Accounts and services:

Twilio account (https://console.twilio.com) with a purchased phone number
OpenAI API key (https://platform.openai.com)
A separate phone number (SIM card) to register as the Signal bot
Your personal Signal number to receive notifications

Optional:

ElevenLabs account (https://elevenlabs.io) for higher-quality speech synthesis

2. Downloading the Project

Copy the project files to your server:

cd /opt
git clone <repository-url> ava
cd ava

If you are not using git, upload the files via SCP or SFTP to /opt/ava.

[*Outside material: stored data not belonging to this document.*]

(* Let $w$ be an infinite word on $\mathcal{A}$ with infinitely many palindromic prefixes, and let $(n_i)_{i\ge1}$ be the increasing sequence of the lengths of its palindromic prefixes ($n_1=0$). The following are equivalent: (i) $n_{i+1}\le 2n_i+1$ for all $i\ge1$; (ii) there is a function $\psi$ (as in the context) with $w=w_\psi$; (iii) there is a reduced function $\psi$ with $w=w_\psi$. Moreover, the reduced function $\psi$ in (iii) is unique.
   Context: $\mathcal{A}$ is an alphabet (finite or infinite) disjoint from $\mathbb{N}^*=\{1,2,\dots\}$; $\varepsilon$ is a palindrome. The functions considered are maps $\psi:\mathbb{N}^*\to\mathbb{N}^*\sqcup\mathcal{A}$ such that for every $n\ge1$ either $\psi(n)\in\mathcal{A}$ or $1\le\psi(n)\le n-1$. Associated words: $\pi_1=\varepsilon$ and, for $i\ge1$: if $\psi(i)\in\mathcal{A}$, $\pi_{i+1}=\pi_i\,\psi(i)\,\pi_i$; if $\psi(i)\in\mathbb{N}^*$, then $\pi_{\psi(i)}$ is a prefix of $\pi_i$, and writing $\pi_i=\pi_{\psi(i)}b_i$, $\pi_{i+1}=\pi_ib_i$. Each $\pi_i$ is a palindrome and a proper prefix of $\pi_{i+1}$; $w_\psi$ is the infinite word having all $\pi_i$ as prefixes. Let $(t_k)_{k\ge0}$ be the (finite or infinite) family, in increasing order, of all $n\ge1$ with $\psi(n)\in\mathcal{A}$ or $1\le\psi(n)\le n-2$. $\psi$ is reduced if for every $k\ge1$ such that $t_k$ exists: $\psi(t_k)\neq\psi(t_{k-1})$, and either $\psi(t_k)\in\mathcal{A}$ or $\psi(t_k)<t_{k-1}$. *)

theory Defs
  imports Main "HOL-Library.Infinite_Set"
begin

text \<open>Alphabet: the type 'a. A function psi : N* -> N* + A is modelled as
  nat => 'a + nat, with Inl a a letter and Inr m a positive integer.
  Only the values at n >= 1 matter.\<close>

definition admissible :: "(nat \<Rightarrow> 'a + nat) \<Rightarrow> bool" where
  "admissible \<psi> \<longleftrightarrow> (\<forall>n\<ge>1. case \<psi> n of Inl a \<Rightarrow> True | Inr m \<Rightarrow> 1 \<le> m \<and> m \<le> n - 1)"

text \<open>pis psi k = [pi_1, ..., pi_(k+1)].\<close>
primrec pis :: "(nat \<Rightarrow> 'a + nat) \<Rightarrow> nat \<Rightarrow> 'a list list" where
  "pis \<psi> 0 = [[]]"
| "pis \<psi> (Suc k) =
     (let L = pis \<psi> k; p = last L
      in L @ [case \<psi> (Suc k) of
                Inl a \<Rightarrow> p @ [a] @ p
              | Inr m \<Rightarrow> p @ drop (length (L ! (m - 1))) p])"

definition pi :: "(nat \<Rightarrow> 'a + nat) \<Rightarrow> nat \<Rightarrow> 'a list" where
  "pi \<psi> i = pis \<psi> (i - 1) ! (i - 1)"

definition prefix_of_inf :: "'a list \<Rightarrow> (nat \<Rightarrow> 'a) \<Rightarrow> bool" where
  "prefix_of_inf u w \<longleftrightarrow> (\<forall>j<length u. u ! j = w j)"

definition is_w_psi :: "(nat \<Rightarrow> 'a + nat) \<Rightarrow> (nat \<Rightarrow> 'a) \<Rightarrow> bool" where
  "is_w_psi \<psi> w \<longleftrightarrow> (\<forall>i\<ge>1. prefix_of_inf (pi \<psi> i) w)"

definition tset :: "(nat \<Rightarrow> 'a + nat) \<Rightarrow> nat set" where
  "tset \<psi> = {n. n \<ge> 1 \<and> (case \<psi> n of Inl a \<Rightarrow> True | Inr m \<Rightarrow> 1 \<le> m \<and> m \<le> n - 2)}"

definition reduced :: "(nat \<Rightarrow> 'a + nat) \<Rightarrow> bool" where
  "reduced \<psi> \<longleftrightarrow> admissible \<psi> \<and>
     (\<forall>s t. s \<in> tset \<psi> \<and> t \<in> tset \<psi> \<and> s < t \<and> (\<forall>u\<in>tset \<psi>. \<not> (s < u \<and> u < t)) \<longrightarrow>
        \<psi> t \<noteq> \<psi> s \<and> (case \<psi> t of Inl a \<Rightarrow> True | Inr m \<Rightarrow> m < s))"

definition pal_prefix_lengths :: "(nat \<Rightarrow> 'a) \<Rightarrow> nat set" where
  "pal_prefix_lengths w = {n. \<forall>j<n. w j = w (n - 1 - j)}"

end

(*
  Every |pi_i| is the length of a palindromic prefix of w_psi, and |pi_(i+1)| <= 2 |pi_i| + 1.
  Conversely, under the growth condition each palindromic prefix arises from the previous one
  either by a new central letter or by reflecting a shorter palindromic prefix, and this defines
  psi directly.

  The core fact is that psi is reduced exactly when the pi_i are all the palindromic prefixes
  of w.  Between consecutive elements s < t of tset the lengths |pi_j| grow arithmetically with
  difference d = |pi_(s+1)| - |pi_s|, the least period of pi_t.  If the reducedness condition
  fails at (s, t), the period d survives into pi_(t+1), and |pi_(t+1)| - d is an additional
  palindromic prefix.  Conversely, a palindromic prefix strictly between pi_t and pi_(t+1)
  forces d to be a period of pi_(t+1) dividing |pi_(t+1)| - |pi_t|; this rests on a Fine-Wilf
  argument for palindromes (two palindromic prefixes act as two reflections of the periodic
  extension of the word, so their distance combines with the period into a gcd period), and a
  congruence computation modulo d then contradicts reducedness.  For reduced psi the lengths
  |pi_i| therefore enumerate the palindromic prefix lengths, and these lengths determine psi.
*)
theory Submission
  imports Defs "HOL-Library.Sublist"
begin

section \<open>Palindromic prefixes and periods\<close>

abbreviation pal_prefix :: "(nat \<Rightarrow> 'a) \<Rightarrow> nat \<Rightarrow> bool" where
  "pal_prefix w n \<equiv> n \<in> pal_prefix_lengths w"

definition prefix_period :: "(nat \<Rightarrow> 'a) \<Rightarrow> nat \<Rightarrow> nat \<Rightarrow> bool" where
  "prefix_period w q n \<longleftrightarrow> (\<forall>j. j + q < n \<longrightarrow> w j = w (j + q))"

definition no_pal_prefix_between :: "(nat \<Rightarrow> 'a) \<Rightarrow> nat \<Rightarrow> nat \<Rightarrow> bool" where
  "no_pal_prefix_between w a b \<longleftrightarrow> (\<forall>c. a < c \<longrightarrow> c < b \<longrightarrow> \<not> pal_prefix w c)"

lemma pal_prefixI: "(\<And>j. j < n \<Longrightarrow> w j = w (n - 1 - j)) \<Longrightarrow> pal_prefix w n"
  unfolding pal_prefix_lengths_def by blast

lemma pal_prefixD: "pal_prefix w n \<Longrightarrow> j < n \<Longrightarrow> w j = w (n - 1 - j)"
  unfolding pal_prefix_lengths_def by blast

lemma pal_prefix_0: "pal_prefix w 0"
  by (simp add: pal_prefix_lengths_def)

lemma pal_prefix_iff_rev: "pal_prefix w n \<longleftrightarrow> rev (map w [0..<n]) = map w [0..<n]"
proof
  assume pal: "pal_prefix w n"
  show "rev (map w [0..<n]) = map w [0..<n]"
  proof (rule nth_equalityI)
    fix j assume "j < length (rev (map w [0..<n]))"
    then show "rev (map w [0..<n]) ! j = map w [0..<n] ! j"
      using pal_prefixD[OF pal, of j] by (simp add: rev_nth)
  qed simp
next
  assume rev: "rev (map w [0..<n]) = map w [0..<n]"
  show "pal_prefix w n"
  proof (rule pal_prefixI)
    fix j assume "j < n"
    then show "w j = w (n - 1 - j)"
      using arg_cong[OF rev, of "\<lambda>u. u ! j"] by (simp add: rev_nth)
  qed
qed

lemma no_pal_prefix_betweenD:
  "no_pal_prefix_between w a b \<Longrightarrow> pal_prefix w c \<Longrightarrow> a < c \<Longrightarrow> b \<le> c"
  unfolding no_pal_prefix_between_def using leI by blast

Create the required directories:

mkdir -p data/calls

3. Environment Variables

Copy the template file and open it in your editor:

cp .env.example .env
nano .env

Below is a description of each variable:

Twilio Voice

Variable	Description	Example
`TWILIO_ACCOUNT_SID`	Your Twilio account identifier. Found on the Twilio Console dashboard.	`ACxxxxxxxxxxxxxxxxxxxxxxxxxxxxxxxx`
`TWILIO_AUTH_TOKEN`	Twilio auth token. Also used for webhook signature validation.	`xxxxxxxxxxxxxxxxxxxxxxxxxxxxxxxx`
`TWILIO_PHONE_NUMBER`	The Twilio phone number that will receive forwarded calls.	`+48123456789`

Signal

Variable	Description	Example
`SIGNAL_CLI_URL`	Internal address of the signal-cli container. Do not change this value.	`http://signal-cli:8080`
`SIGNAL_SENDER_NUMBER`	The Signal bot phone number (a separate SIM card, registered in step 4).	`+48111222333`
`SIGNAL_RECIPIENT`	Your personal Signal number. AVA sends all notifications here.	`+48999888777`

OpenAI

Variable	Description	Example
`OPENAI_API_KEY`	Your OpenAI API key.	`sk-proj-...`
`OPENAI_MODEL`	(deprecated, use LLM_MODEL) GPT model for conversations.	`gpt-4o`
`LLM_PROVIDER`	LLM backend: `openai` (default) or `groq`.	`openai`
`LLM_MODEL`	Model name. Default: `gpt-4o-mini` (OpenAI), `llama-3.3-70b-versatile` (Groq).	`gpt-4o-mini`
`LLM_SUMMARY_MODEL`	Model for call summaries. Defaults to `LLM_MODEL`.	`gpt-4o-mini`
`GROQ_API_KEY`	Groq API key. Required when `LLM_PROVIDER=groq`.	(blank or key)

ElevenLabs TTS (Optional)

Variable	Description	Example
`ELEVENLABS_API_KEY`	ElevenLabs API key. Leave blank to skip ElevenLabs.	(blank or key)
`ELEVENLABS_VOICE_ID`	Single multilingual voice ID (used for all languages). Browse at https://elevenlabs.io/voice-library	`WAhoMTNdLdMoq1j3wf3I`
`ELEVENLABS_MODEL`	ElevenLabs model. `eleven_multilingual_v2` (best quality) or `eleven_turbo_v2_5` (faster, lower latency).	`eleven_turbo_v2_5`
`OPENAI_TTS_VOICE`	Fallback OpenAI TTS voice (used when ElevenLabs is unavailable). Options: alloy, echo, fable, onyx, nova, shimmer.	`nova`

Personalisation

Variable	Description
`OWNER_CONTEXT`	Assistant persona + owner information, injected into the GPT-4o system prompt. Must be a single line (no newlines). This is your private configuration — it stays in `.env` and is never committed to git. See section 12 for details.

Language

Variable	Description	Example
`DEFAULT_STT_LANG`	Default Twilio STT language before prefix detection.	`en-US`
`SIGNAL_LANG`	Language for Signal notifications and summaries (`en` or `pl`).	`en`

Infrastructure

Variable	Description	Example
`COMPOSE_PROFILES`	Docker Compose profile controlling the ingress method. `caddy` = Caddy + Let's Encrypt, `tunnel` = Cloudflare Tunnel.	`caddy`
`PUBLIC_URL`	The public HTTPS address where the server is reachable from the internet.	`https://ava.your-domain.com`
`DOMAIN`	The domain name (without https://). Used by Caddy to obtain an SSL certificate. Required only with the `caddy` profile.	`ava.your-domain.com`
`CLOUDFLARE_TUNNEL_TOKEN`	Tunnel token from the Cloudflare Zero Trust dashboard. Required only with the `tunnel` profile.	`eyJhIjo...`

4. Signal Bot Registration

AVA communicates with you through Signal. You need a separate SIM card whose number will be registered as the "bot".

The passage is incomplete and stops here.